Subject function is called inside the mv_backend_launch function witch is also located inside the ./cirrus/application/helpers/mv_backend_helper.php
file.
function mv_backend_launch($cmd, $noLog = false) { $desc = array( 0 => array("pipe","r"), 1 => array("pipe","w"), 2 => array("pipe","w") ); $cwd = './'; $process = proc_open($cmd,$desc,$pipes,$cwd); if(is_resource($process)) { fclose($pipes[0]); $data =stream_get_contents($pipes[1]); fclose($pipes[1]); $errors=stream_get_contents($pipes[2]); if(strlen(trim($errors))>0) mv_log_errors($cmd,$errors); fclose($pipes[2]); proc_close($process); if ( ! $noLog ) { syslog(LOG_INFO, "CMD: '$cmd', RESPONSE: '$data'"); } return $data; } }
After tracing back the function references i was able to detect check_device_name function witch was passing a unsanitized user input into the mv_backend_launch function with the $name
parameter.
public function check_device_name() { $info = $this->get_start_info(); $isStart = $info && array_key_exists('state', $info) && $info['state'] == 'start'; if ( ! $isStart ) { mv_is_admin(); } $name = $this->input->post("name"); $result = mv_backend_launch("check_netbios_name.sh $name"); echo header('Content-type: text/xml'); echo $result; }
Here at this point we have ourselves a function with remote code execution vulnerability. But the problem was this function only works if the device state is set to “start” or else it requires admin level access to the application. So we either need to find a way to change the device state without authentication or bypass authentication and escalate privileges. Because of this issue i went back to analyzing the source code and found a even better attack vector. When analyzing the the device state mechanics i noticed that when the device is in “start” state it allows the registration of new users in order to perform initial setup of the device. When i look for the how the state change operation is performed i found the set_start_info
function inside the application/core/MV_BaseController.php
file. This functions sets the device state with a JSON post request and gues what? there is no any kind of control 🙂
public function reset_start_info() { self::save_object_to_file(null, self::START_FILE); $uri = $_SERVER['REQUEST_URI']; $idx = strpos($uri, 'index.php'); if ( $idx !== false ) { $uri = substr($uri, 0, $idx); } $uri .= 'index.php/SCSS'; header('Content-type: text/plain'); header("Location: ".$uri, TRUE, 302); exit(); }
So by simply changing the device state to “start” we are able to add a new admin user to the device. Users inside the device are created as a Linux system user thus they all have SSH access to the device.
Metasploit Module
Up until this point we have identified multiple vulnerabilities. For the exploit code i prefer to use the second way witch we add a new admin user for establishing SSH connection. Because triggering reverse/bind shell connections with busybox binaries is hard in terms of Metasploit payload compatibility. Also by default device ports are closed except common services such as HTTP,HTTPS,SSH,FTP… Since the SSH is enabled by default and it is not possible to disable it using the administrator interface writing the exploit with the second way is the obvious choice. And here is the end result…

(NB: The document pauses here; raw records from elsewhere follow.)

lemma norm_H_at_le:
  fixes k m j :: int
  assumes k: "1 \<le> k" and mj: "0 \<le> m + j" and b: "0 < b" "b \<le> 1"
  shows "norm (H_at k m j (Complex b y)) \<le> 6 * exp (1/8) / sqrt b"
proof -
  define z where "z = Complex b y"
  define t where "t = (\<lambda>i::nat. let n = real (Suc i) in
      (-1) ^ i
      * exp (- z * of_real ((real_of_int k - 1/2) * n^2 + real_of_int m * n))
      * (exp (- z * of_real (- n / 2)) - exp (- z * of_real (n / 2)))
      * exp (- z * of_real (real_of_int j * n)))"
  define x where "x = exp (- sqrt b / 2)"
  have x: "0 < x" "x < 1" using b by (auto simp: x_def)
  have t_le: "norm (t i) \<le> 2 * exp (1/8) * x ^ i" for i
  proof -
    have "norm (t i) \<le> 2 * exp (- b * (real i)^2 / 2)"
      unfolding t_def using norm_H_at_summand_le[OF k mj, of z i] b by (simp add: z_def)
    also have "\<dots> \<le> 2 * exp (1/8) * x ^ i"
      using exp_neg_square_le_geometric[of b i] b by (simp add: x_def)
    finally show ?thesis .
  qed
  have geometric: "summable (\<lambda>i. 2 * exp (1/8) * x ^ i)"
    using x by (intro summable_mult summable_geometric) auto
  have norm_t: "summable (\<lambda>i. norm (t i))"
    by (rule summable_comparison_test'[OF geometric]) (use t_le in auto)
  have "norm (H_at k m j (Complex b y)) = norm (suminf t)"
    by (simp only: H_at_def t_def z_def)
  also have "\<dots> \<le> (\<Sum>i. norm (t i))"
    by (rule summable_norm[OF norm_t])
  also have "\<dots> \<le> (\<Sum>i. 2 * exp (1/8) * x ^ i)"
    by (rule suminf_le[OF t_le norm_t geometric])
  also have "\<dots> = 2 * exp (1/8) * (1 / (1 - x))"
    using x by (simp add: suminf_mult suminf_geometric)
  also have "\<dots> \<le> 2 * exp (1/8) * (1 + 2 / sqrt b)"
    using inverse_one_minus_exp_neg_le[of "sqrt b / 2"] b
    by (intro mult_left_mono) (auto simp: x_def)
  also have "\<dots> \<le> 2 * exp (1/8) * (3 / sqrt b)"
  proof -
    have "1 \<le> 1 / sqrt b" using b by simp
    moreover have "3 / sqrt b = 1 / sqrt b + 2 / sqrt b"
      by (simp add: add_divide_distrib[symmetric])
    ultimately show ?thesis
      by (intro mult_left_mono) auto
  qed
  finally show ?thesis
    by simp
qed

section \<open>The integral over the arc\<close>

lemma beta_n_pos:
  assumes "1 \<le> n"
  shows "0 < beta_n n"
  using assms by (simp add: beta_n_def)

lemma beta_n_le:
  assumes "5000 \<le> n"
  shows "beta_n n \<le> 1/52"
proof -
  have "170 \<le> sqrt (6 * (real n - 1/24))"
    by (rule real_le_rsqrt) (use assms in simp)
  then have "pi / sqrt (6 * (real n - 1/24)) \<le> (63/20) / 170"
    using pi_approx by (intro frac_le) auto
  then show ?thesis
    by (simp add: beta_n_def)
qed

lemma exponent_at_beta_n:
  assumes "1 \<le> n"
  shows "real n * beta_n n + pi^2 / (12 * beta_n n) = 3/2 * Lambda_n n + beta_n n / 24"
proof -
  define X where "X = real n - 1/24"
  define a where "a = sqrt 6"
  define c where "c = sqrt X"
  have a: "0 < a" "a * a = 6" by (simp_all add: a_def)
  have c: "0 < c" "c * c = real n - 1/24" using assms by (simp_all add: c_def X_def)
  have beta: "beta_n n = pi / (a * c)"
    by (simp add: beta_n_def X_def[symmetric] a_def c_def real_sqrt_mult)
  have Lambda: "Lambda_n n = pi * c / a"
    by (simp add: Lambda_n_def X_def[symmetric] a_def c_def real_sqrt_divide)
  have "real n * beta_n n = Lambda_n n + beta_n n / 24"
  proof -
    have "real n * beta_n n = (c * c) * (pi / (a * c)) + (pi / (a * c)) / 24"
      unfolding beta c(2) by (simp add: algebra_simps)
    also have "(c * c) * (pi / (a * c)) = pi * c / a"
      using a c by (simp add: field_simps)
    finally show ?thesis
      unfolding Lambda beta .
  qed
  moreover have "pi^2 / (12 * beta_n n) = Lambda_n n / 2"
  proof -
    have "pi^2 / (12 * beta_n n) = pi * c * (a * a) / (12 * a)"
      unfolding beta using a c by (simp add: field_simps power2_eq_square)
    also have "\<dots> = Lambda_n n / 2"
      unfolding a(2) Lambda using a by (simp add: field_simps)
    finally show ?thesis .
  qed
  ultimately show ?thesis
    by simp
qed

After reporting this vulnerability to Seagate we were very frustrated with the response. They first claimed that “this product was designed and targeted for personal home use within a personal LAN” thus has no real attack surface. But then we proved othervise by providing the number of exploitable devices open to internet using services such as shodan.io and censys.io. But it seems they just don’t care ¯\_(ツ)_/¯ We had no expectation of any kind of bounty or points we just wanted to write a cool blog post, the only reason for using Bugcrowd platform was, Seagate is only accepting bug reports by a external Bugcrowd submission form.